Returning USF QBs eager for competition ahead
TAMPA -- After last season ended for USF football, quarterback Matt Floyd added a tattoo on his left forearm, symbolic of both his strong faith and the challenge he faces this fall.
"CHASE LIONS," it reads in bold letters, then the Bible chapter and verse -- 2nd Samuel 23:20-21 -- detailing the story of Benaiah, whose great exploits now serve as daily inspiration for the USF sophomore, one of four passers competing for USF's starting job.
"Who chases a lion into a pit, and on a snowy day? It's crazy the things that Benaiah did, and the bravery he had helped him become King David's main bodyguard," said Floyd, active in USF's chapter of Athletes in Action. "The steps he took and his faith in God in the situations he was in led him to the ultimate goal he wanted to get. For me, it's just to do the same."
As the Bulls open fall camp with their first practice this morning, another returning QB, senior Bobby Eveld, is eager to continue the amicable competition he had with Floyd this spring, with two newcomers -- Penn State transfer Steven Bench and true freshman Mike White -- also in the mix for practice snaps and the starting job.
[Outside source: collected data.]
text \<open>The vectors \<open>u i\<close>, \<open>v i\<close> (\<open>i < k\<close>) are meant to become the columns \<open>i\<close> of the two halves of a
  symplectic \<open>M\<close> with \<open>M\<^sup>T A M = diag2 d\<close>.\<close>

definition williamson_system ::
    "('n::finite) sqmat \<Rightarrow> (nat \<Rightarrow> 'n vec2) \<Rightarrow> (nat \<Rightarrow> 'n vec2) \<Rightarrow> (nat \<Rightarrow> real) \<Rightarrow> nat \<Rightarrow> bool" where
  "williamson_system A u v d k \<longleftrightarrow> sympl_system u v k \<and>
     (\<forall>i<k. \<forall>j<k. u i \<bullet> (A *v v j) = 0 \<and> u i \<bullet> (A *v u j) = (if i = j then d i else 0) \<and>
        v i \<bullet> (A *v v j) = (if i = j then d i else 0))"

definition append_seq :: "nat \<Rightarrow> (nat \<Rightarrow> 'a) \<Rightarrow> (nat \<Rightarrow> 'a) \<Rightarrow> nat \<Rightarrow> 'a" where
  "append_seq k f g i = (if i < k then f i else g (i - k))"

lemma image_append_seq: "append_seq k f g ` {..<k + l} = f ` {..<k} \<union> g ` {..<l}"
proof -
  have "g j \<in> append_seq k f g ` {..<k + l}" if "j < l" for j
    using that image_eqI[of "g j" "append_seq k f g" "k + j"] by (simp add: append_seq_def)
  then show ?thesis by (force simp: append_seq_def)
qed

lemma williamson_system_append:
  assumes sym: "transpose A = A"
    and W: "williamson_system A u v d k" and W': "williamson_system A u' v' d' l"
    and orth: "\<And>a b. a \<in> u ` {..<k} \<union> v ` {..<k} \<Longrightarrow> b \<in> u' ` {..<l} \<union> v' ` {..<l} \<Longrightarrow>
       sympl_form a b = 0 \<and> a \<bullet> (A *v b) = 0"
  shows "williamson_system A (append_seq k u u') (append_seq k v v') (append_seq k d d') (k + l)"
proof -
  have orth': "sympl_form a b = 0 \<and> sympl_form b a = 0 \<and> a \<bullet> (A *v b) = 0 \<and> b \<bullet> (A *v a) = 0"
    if "a \<in> u ` {..<k} \<union> v ` {..<k}" "b \<in> u' ` {..<l} \<union> v' ` {..<l}" for a b
    using orth[OF that] sympl_form_antisym[of b a] inner_matrix_vector_symmetric[OF sym, of a b]
    by simp
  have cross: "sympl_form (u i) (u' j) = 0" "sympl_form (u i) (v' j) = 0"
    "sympl_form (v i) (u' j) = 0" "sympl_form (v i) (v' j) = 0"
    "sympl_form (u' j) (u i) = 0" "sympl_form (u' j) (v i) = 0"
    "sympl_form (v' j) (u i) = 0" "sympl_form (v' j) (v i) = 0"
    "u i \<bullet> (A *v u' j) = 0" "u i \<bullet> (A *v v' j) = 0" "v i \<bullet> (A *v u' j) = 0" "v i \<bullet> (A *v v' j) = 0"
    "u' j \<bullet> (A *v u i) = 0" "u' j \<bullet> (A *v v i) = 0" "v' j \<bullet> (A *v u i) = 0" "v' j \<bullet> (A *v v i) = 0"
    if "i < k" "j < l" for i j
    using orth'[of "u i" "u' j"] orth'[of "u i" "v' j"] orth'[of "v i" "u' j"]
      orth'[of "v i" "v' j"] that
    by auto
  show ?thesis
    using W W' unfolding williamson_system_def sympl_system_def append_seq_def
    by (auto simp: cross)
qed

lemma span_append_seq:
  assumes "\<And>w. w \<in> V \<Longrightarrow>
    \<exists>p \<in> span (u ` {..<k} \<union> v ` {..<k}). w - p \<in> span (u' ` {..<l} \<union> v' ` {..<l})"
  shows "V \<subseteq> span (append_seq k u u' ` {..<k + l} \<union> append_seq k v v' ` {..<k + l})"
    (is "_ \<subseteq> span ?S")
proof
  fix w assume "w \<in> V"
  then obtain p where p: "p \<in> span (u ` {..<k} \<union> v ` {..<k})"
    "w - p \<in> span (u' ` {..<l} \<union> v' ` {..<l})"
    using assms by blast
  have "u ` {..<k} \<union> v ` {..<k} \<subseteq> ?S" "u' ` {..<l} \<union> v' ` {..<l} \<subseteq> ?S"
    unfolding image_append_seq by auto
  then have "p \<in> span ?S" "w - p \<in> span ?S" using p by (meson span_mono subsetD)+
  then have "p + (w - p) \<in> span ?S" by (rule span_add)
  then show "w \<in> span ?S" by simp
qed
Eveld, like other QBs, has been active in leading summer voluntary workouts with other Bulls players, working to get the team on the same page and familiar with the offense they'll be running this fall.
"My first goal is to be the best teammate I can be," said Eveld, who has started one game in each of the last three seasons, filling in for the now-graduated B.J. Daniels. "I want to come out and show the guys I'm willing to work for them, and I want a very positive season, not just for me but the whole team."
USF coach Willie Taggart has a close, wide-open QB race ahead in the next month before the team's opener against McNeese State. It's close enough he won't say who came out of spring ahead between Eveld and Floyd -- the latter threw for two touchdowns in the spring game, but also had lingering issues with fumbled snaps.
"It's close. Both of them bring different things to the game," Taggart said Sunday. "We told them it won't be decided until training camp. We're going to give these other guys opportunities to compete. I do think we'll get ourselves the best quarterback for our football team. I want to see someone separate themselves. To me, that's what big-time college football is about. I'm excited."
Floyd's summer included a weeklong Christian "Ultimate Training" camp in Fort Collins, Colo., where he strengthened himself physically, mentally and spiritually at a gathering of college athletes.
"It was a fantastic camp. I learned a lot of tools I didn't know -- I thought was pushing my body to the limit, at that camp I learned I can push even harder," he said. "I also learned things to be more of a leader, to step out more and be more of a spiritual leader, a vocal leader and a leader by example on the team."
By team policy, Bench and White won't speak to the media before the season starts -- Taggart won't allow true freshmen to speak to reporters until after the season, nor transfers until after the first game. But with USF as the only team out of 10 in the American Athletic Conference not returning its starting quarterback, it will be a key position both before and during the season ahead.
"I don't look at the competition as a negative thing, by any means," said Eveld, whose brother Tommy, a redshirt walk-on, is also a Bulls quarterback. "I'm pretty good friends with Matt ... I have a good relationship with all the quarterbacks. ... I think our team is very welcoming, which is nice for the newcomers. It should be exciting to see how everything works out."